A group called the Baltimore City Commission on HIV/AIDS was formed to monitor progress. There are 20 members, including doctors, clergy, business leaders and community activists. In the past year, the commission held monthly meetings to gather public input, leading to the drafting of a report and the news conference to discuss its key findings and recommendations.
O'Malley was not present yesterday, but spokeswoman Raquel Guillory later said the mayor was confident the city Health Department will implement better strategies to fight the disease.
"The report shows that we still have a lot of work left to do to fight the epidemic," she said.
Dr. Joshua Sharfstein, the city's new health commissioner, said the AIDS problem warrants a more focused response.
"Overall, the strain on the system is definitely increasing," he said. In 2004, there were about 14,000 people living with HIV infection or AIDS, compared with 4,100 a decade earlier.
Sharfstein said he is concerned about the future of federal funding through the Ryan White Act, which supplies $19 million of the $28 million being spent this year on AIDS prevention and treatment in Baltimore. Under a formula proposed by the Bush administration and pending before Congress, Baltimore could lose some Ryan White money that is allocated to the state and passed along to the city, he said.
Sharfstein said he plans to make available a new test at city health clinics that can detect genetic evidence of the virus immediately after a person is infected. The test now in use detects antibodies to the AIDS virus, which sometimes don't appear for a few months after infection.

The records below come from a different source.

(* Let $v$ be a vertex of $\mathcal T$ whose stabilizer $\Gamma_v$ in $\Gamma$ is isomorphic to $\mathbb F_{q^2}^\times$. Then $\Gamma_v$ acts transitively on the set of edges of $\mathcal T$ with origin $v$.
   Context: Let $q$ be a prime power, $F=\mathbb F_q(T)$, $A=\mathbb F_q[T]$, $\infty$ the place of $1/T$, $K=F_\infty$ with ring of integers $\mathcal O$. Let $D$ be a quaternion division algebra over $F$ with $D\otimes_FK\cong M_2(K)$, $\Lambda$ a maximal $A$-order in $D$ and $\Gamma=\Lambda^\times$, viewed as a subgroup of $\mathrm{GL}_2(K)$ via a fixed isomorphism $D\otimes_FK\cong M_2(K)$. $\mathcal T$ is the Bruhat–Tits tree of $\mathrm{PGL}_2(K)$ (vertices: homothety classes of $\mathcal O$-lattices in $K^2$, adjacency by index-$q$ inclusion; each vertex is the origin of $q+1$ edges), with the natural action of $\Gamma$. *)

theory Defs
  imports "HOL-Analysis.Finite_Cartesian_Product"
          "HOL-Computational_Algebra.Formal_Laurent_Series"
begin

text \<open>The finite field F_q is a type 'a of class {finite, field}; q = CARD('a).
  K = F_q((1/T)) is the field of formal Laurent series 'a fls in the uniformizer
  pi = 1/T (= fls_X). Thus T is fls_X_inv, and F = F_q(T), A = F_q[T] are
  realised as subsets of K.\<close>

type_synonym 'a mat2 = "'a fls ^ 2 ^ 2"
type_synonym 'a vec2 = "'a fls ^ 2"

definition poly_to_K :: "'a::field poly \<Rightarrow> 'a fls" where
  "poly_to_K p = (\<Sum>i\<le>degree p. fls_const (coeff p i) * fls_X_inv ^ i)"

definition A_ring :: "'a::field fls set" where
  "A_ring = range poly_to_K"

definition F_field :: "'a::field fls set" where
  "F_field = {a / b | a b. a \<in> A_ring \<and> b \<in> A_ring \<and> b \<noteq> 0}"

definition O_ring :: "'a::field fls set" where
  "O_ring = {x. x = 0 \<or> fls_subdegree x \<ge> 0}"

definition smat :: "'a::field fls \<Rightarrow> 'a mat2 \<Rightarrow> 'a mat2" where
  "smat c M = mat c ** M"

definition span_over :: "'a::field fls set \<Rightarrow> 'a mat2 set \<Rightarrow> 'a mat2 set" where
  "span_over S B = {M. \<exists>c. M = (\<Sum>b\<in>B. smat (c b) b) \<and> (\<forall>b\<in>B. c b \<in> S)}"

definition indep_over :: "'a::field fls set \<Rightarrow> 'a mat2 set \<Rightarrow> bool" where
  "indep_over S B \<longleftrightarrow> (\<forall>c. (\<forall>b\<in>B. c b \<in> S) \<and> (\<Sum>b\<in>B. smat (c b) b) = 0
       \<longrightarrow> (\<forall>b\<in>B. c b = 0))"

Dr. Peter L. Beilenson, the former health commissioner, said the city made significant inroads into the drug-related epidemic by drastically increasing the availability of drug treatment - including methadone - and starting the nation's largest city-run needle-exchange program.

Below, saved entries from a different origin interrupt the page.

(* Let $(\Omega,\mathcal F)$ be a measurable space with $\Sigma\neq\emptyset$, $\nu$ a finite measure, and $\mu$ a finite measure with $\mu\ll\nu$. Let $F_\mu(y)=\nu(\{\omega:\frac{d\mu}{d\nu}(\omega)\le y\})$, $F_\mu(+\infty)=\lim_{y\to\infty}F_\mu(y)$, $v_\mu(A)=\int_0^\infty\min(\nu(\Omega)-F_\mu(z),\nu(A))\,dz$, and let $m$ be the measure on $(0,1]$ determined by $m((0,\gamma])=\frac1{\mu(\Omega)}\int_{\{y\ge0:\ F_\mu(y)\ge(1-\gamma)\nu(\Omega)\}}(F_\mu(+\infty)-F_\mu(y))\,dy$, $\gamma\in(0,1]$. Then for every non-negative measurable $f:\Omega\to[0,\infty)$, $$v_\mu(f)=\int_{(0,1]}v_\alpha(f)\,m(d\alpha),\quad v_\alpha(f)=\frac{\mu(\Omega)}{\alpha\nu(\Omega)}\int_0^\infty\min\big(\nu(\{\omega:f(\omega)>z\}),\alpha\nu(\Omega)\big)\,dz,$$ where $v_\mu(f)=\int_0^\infty v_\mu(\{\omega:f(\omega)>z\})\,dz$.
   Context: $\Sigma$ denotes the set of all classes $\mathcal I\subset\mathcal F$ that are chains (totally ordered by inclusion), contain $\emptyset$ and $\Omega$, and generate $\mathcal F$ as a $\sigma$-algebra. $\frac{d\mu}{d\nu}$ is the non-negative Radon–Nikodym derivative. *)

theory Defs
  imports "HOL-Probability.Probability"
begin

definition Sigma_chains :: "'a measure \<Rightarrow> 'a set set set" where
  "Sigma_chains M = {I. I \<subseteq> sets M \<and> {} \<in> I \<and> space M \<in> I \<and>
       (\<forall>A\<in>I. \<forall>B\<in>I. A \<subseteq> B \<or> B \<subseteq> A) \<and> sigma_sets (space M) I = sets M}"

definition Fmu :: "'a measure \<Rightarrow> 'a measure \<Rightarrow> real \<Rightarrow> ennreal" where
  "Fmu \<nu> \<mu> y = emeasure \<nu> {\<omega>\<in>space \<nu>. RN_deriv \<nu> \<mu> \<omega> \<le> ennreal y}"

definition Fmu_inf :: "'a measure \<Rightarrow> 'a measure \<Rightarrow> ennreal" where
  "Fmu_inf \<nu> \<mu> = Lim at_top (Fmu \<nu> \<mu>)"

definition vmu_set :: "'a measure \<Rightarrow> 'a measure \<Rightarrow> 'a set \<Rightarrow> ennreal" where
  "vmu_set \<nu> \<mu> A =
     (\<integral>\<^sup>+ z\<in>{0..}. min (emeasure \<nu> (space \<nu>) - Fmu \<nu> \<mu> z) (emeasure \<nu> A) \<partial>lborel)"

definition vmu_fun :: "'a measure \<Rightarrow> 'a measure \<Rightarrow> ('a \<Rightarrow> real) \<Rightarrow> ennreal" where
  "vmu_fun \<nu> \<mu> f = (\<integral>\<^sup>+ z\<in>{0..}. vmu_set \<nu> \<mu> {\<omega>\<in>space \<nu>. f \<omega> > z} \<partial>lborel)"

definition valpha :: "'a measure \<Rightarrow> 'a measure \<Rightarrow> real \<Rightarrow> ('a \<Rightarrow> real) \<Rightarrow> ennreal" where
  "valpha \<nu> \<mu> \<alpha> f =
     emeasure \<mu> (space \<mu>) / (ennreal \<alpha> * emeasure \<nu> (space \<nu>)) *
     (\<integral>\<^sup>+ z\<in>{0..}. min (emeasure \<nu> {\<omega>\<in>space \<nu>. f \<omega> > z})
                           (ennreal \<alpha> * emeasure \<nu> (space \<nu>)) \<partial>lborel)"

end

theory Submission
  imports Defs
begin

text \<open>Write g = d\<mu>/d\<nu> and G(y) = \<nu>(g > y) = \<nu>(\<Omega>) - F_\<mu>(y), so that v_\<mu>(f) is the double
  integral of min(G(y), \<nu>(f > t)) over y, t \<ge> 0. By the layer-cake formula G integrates to
  \<mu>(\<Omega>), hence G/\<mu>(\<Omega>) is a probability density on [0,\<infinity>), and the defining relation of m
  says precisely that m is the image of this density under y \<mapsto> G(y)/\<nu>(\<Omega>). Substituting
  \<alpha> = G(y)/\<nu>(\<Omega>), the density factor G(y)/\<mu>(\<Omega>) cancels the prefactor \<mu>(\<Omega>)/(\<alpha>\<nu>(\<Omega>)) of
  v_\<alpha>, leaving min(G(y), \<nu>(f > t)) integrated in the other order; Tonelli finishes.\<close>

lemma emeasure_lborel_nonneg_less_ennreal:
  "emeasure lborel {y::real. 0 \<le> y \<and> ennreal y < c} = c"
proof (cases c)
  case (real r)
  then have "{y. 0 \<le> y \<and> ennreal y < c} = {0..<r}"
    by (auto simp: ennreal_less_iff)
  then show ?thesis
    using real by (simp add: emeasure_lborel_Ico)
next
  case top
  have "emeasure lborel {0::real..} = \<infinity>"
  proof (rule ccontr)
    assume "emeasure lborel {0::real..} \<noteq> \<infinity>"
    then obtain r where r: "emeasure lborel {0::real..} = ennreal r" "0 \<le> r"
      by (cases "emeasure lborel {0::real..}") auto
    have "emeasure lborel {0..<r + 1} \<le> emeasure lborel {0::real..}"
      by (rule emeasure_mono) auto
    then show False
      using r by (simp add: emeasure_lborel_Ico ennreal_le_iff)
  qed
  moreover have "{y. 0 \<le> y \<and> ennreal y < c} = {0..}"
    using top by auto
  ultimately show ?thesis
    using top by simp
qed

lemma nn_integral_layer_cake:
  assumes "sigma_finite_measure M" and g[measurable]: "g \<in> borel_measurable M"
  shows "(\<integral>\<^sup>+ y\<in>{0..}. emeasure M {x\<in>space M. ennreal y < g x} \<partial>lborel) = (\<integral>\<^sup>+ x. g x \<partial>M)"
proof -
  interpret pair_sigma_finite M lborel
    using assms(1) by (simp add: pair_sigma_finite_def lborel.sigma_finite_measure_axioms)
  let ?I = "\<lambda>x y. indicator {0..} y * indicator {x\<in>space M. ennreal y < g x} x :: ennreal"
  have "(\<integral>\<^sup>+ y\<in>{0..}. emeasure M {x\<in>space M. ennreal y < g x} \<partial>lborel)
      = (\<integral>\<^sup>+ y. (\<integral>\<^sup>+ x. ?I x y \<partial>M) \<partial>lborel)"
    by (intro nn_integral_cong) (simp add: nn_integral_cmult mult.commute)
  also have "\<dots> = (\<integral>\<^sup>+ x. (\<integral>\<^sup>+ y. ?I x y \<partial>lborel) \<partial>M)"
    by (rule Fubini') measurable
  also have "\<dots> = (\<integral>\<^sup>+ x. emeasure lborel {y. 0 \<le> y \<and> ennreal y < g x} \<partial>M)"
  proof (intro nn_integral_cong)
    fix x assume "x \<in> space M"
    then have "?I x = indicator {y. 0 \<le> y \<and> ennreal y < g x}"
      by (auto simp: indicator_def)
    moreover have "{y. 0 \<le> y \<and> ennreal y < g x} \<in> sets lborel"
      by measurable
    ultimately show "(\<integral>\<^sup>+ y. ?I x y \<partial>lborel) = emeasure lborel {y. 0 \<le> y \<and> ennreal y < g x}"
      by simp
  qed
  finally show ?thesis
    by (simp add: emeasure_lborel_nonneg_less_ennreal)
qed

lemma tendsto_at_top_SUP_of_nat:
  fixes F :: "real \<Rightarrow> 'a::{complete_linorder, linorder_topology}"
  assumes "mono F"
  shows "(F \<longlongrightarrow> (SUP n. F (real n))) at_top"
proof (rule order_tendstoI)
  fix a assume "a < (SUP n. F (real n))"
  then obtain n where n: "a < F (real n)"
    by (auto simp: less_SUP_iff)
  show "eventually (\<lambda>x. a < F x) at_top"
    unfolding eventually_at_top_linorder
    by (rule exI[of _ "real n"]) (auto intro: less_le_trans[OF n monoD[OF assms]])
next
  fix a assume a: "(SUP n. F (real n)) < a"
  have "F x \<le> (SUP n. F (real n))" for x
    using monoD[OF assms real_nat_ceiling_ge[of x]] by (rule order_trans) (rule SUP_upper, simp)
  then show "eventually (\<lambda>x. F x < a) at_top"
    using a by (intro always_eventually allI) (rule le_less_trans)
qed

lemma set_nn_integral_lborel_swap:
  fixes F :: "real \<Rightarrow> real \<Rightarrow> ennreal"
  assumes [measurable]: "case_prod F \<in> borel_measurable (lborel \<Otimes>\<^sub>M lborel)"
    and [measurable]: "A \<in> sets borel" "B \<in> sets borel"
  shows "(\<integral>\<^sup>+ x\<in>A. (\<integral>\<^sup>+ y\<in>B. F x y \<partial>lborel) \<partial>lborel) = (\<integral>\<^sup>+ y\<in>B. (\<integral>\<^sup>+ x\<in>A. F x y \<partial>lborel) \<partial>lborel)"
proof -
  have indicator_inside: "(\<integral>\<^sup>+ x\<in>A. (\<integral>\<^sup>+ y\<in>B. G x y \<partial>lborel) \<partial>lborel)
      = (\<integral>\<^sup>+ x. (\<integral>\<^sup>+ y. G x y * indicator B y * indicator A x \<partial>lborel) \<partial>lborel)"
    if [measurable]: "case_prod G \<in> borel_measurable (lborel \<Otimes>\<^sub>M lborel)"
      and [measurable]: "A \<in> sets borel" "B \<in> sets borel" for G :: "real \<Rightarrow> real \<Rightarrow> ennreal" and A B
    by (intro nn_integral_cong nn_integral_multc[symmetric]) measurable
  have "(\<integral>\<^sup>+ x\<in>A. (\<integral>\<^sup>+ y\<in>B. F x y \<partial>lborel) \<partial>lborel)
      = (\<integral>\<^sup>+ x. (\<integral>\<^sup>+ y. F x y * indicator B y * indicator A x \<partial>lborel) \<partial>lborel)"
    by (rule indicator_inside) measurable
  also have "\<dots> = (\<integral>\<^sup>+ y. (\<integral>\<^sup>+ x. F x y * indicator B y * indicator A x \<partial>lborel) \<partial>lborel)"
    by (rule lborel_pair.Fubini'[symmetric]) measurable
  also have "\<dots> = (\<integral>\<^sup>+ y\<in>B. (\<integral>\<^sup>+ x\<in>A. F x y \<partial>lborel) \<partial>lborel)"
    using indicator_inside[of "\<lambda>y x. F x y" B A] by (simp add: mult_ac)
  finally show ?thesis .
qed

But reducing sexual transmission is much harder, in part because much of it is driven by men who have unprotected sex with other men but don't identify themselves as gay. Some are married or involved in relationships with women, putting their female partners at risk.
One of the commission members, Dr. Rena Boss-Victoria of the Morgan State University School of Public Health, said many young men don't get tested, treated or educated about AIDS because they feel there is no hope for the future.
Terry Brown, a commission member who works with a group that provides mental health services in West Baltimore, said HIV infection in the prisons spills into the streets as inmates are released. In addition, children left unattended when their parents are incarcerated sometimes turn to prostitution to support themselves.
"Kids on the streets are having sex for survival," said Brown, a vice president of Baltimore Behavioral Health.
Shelton Jackson, a 28-year-old student at Morgan State, said he was surprised to find that people in Baltimore are reluctant to talk openly about being infected. Jackson said he has been HIV-positive for eight years.
"These last few years, I have been very open about my status - who I am," said Jackson, of Newark, N.J. " I got a lot of resistance after moving to Baltimore - people so shocked about my being open about being gay and about my status. We can't all be in the closet."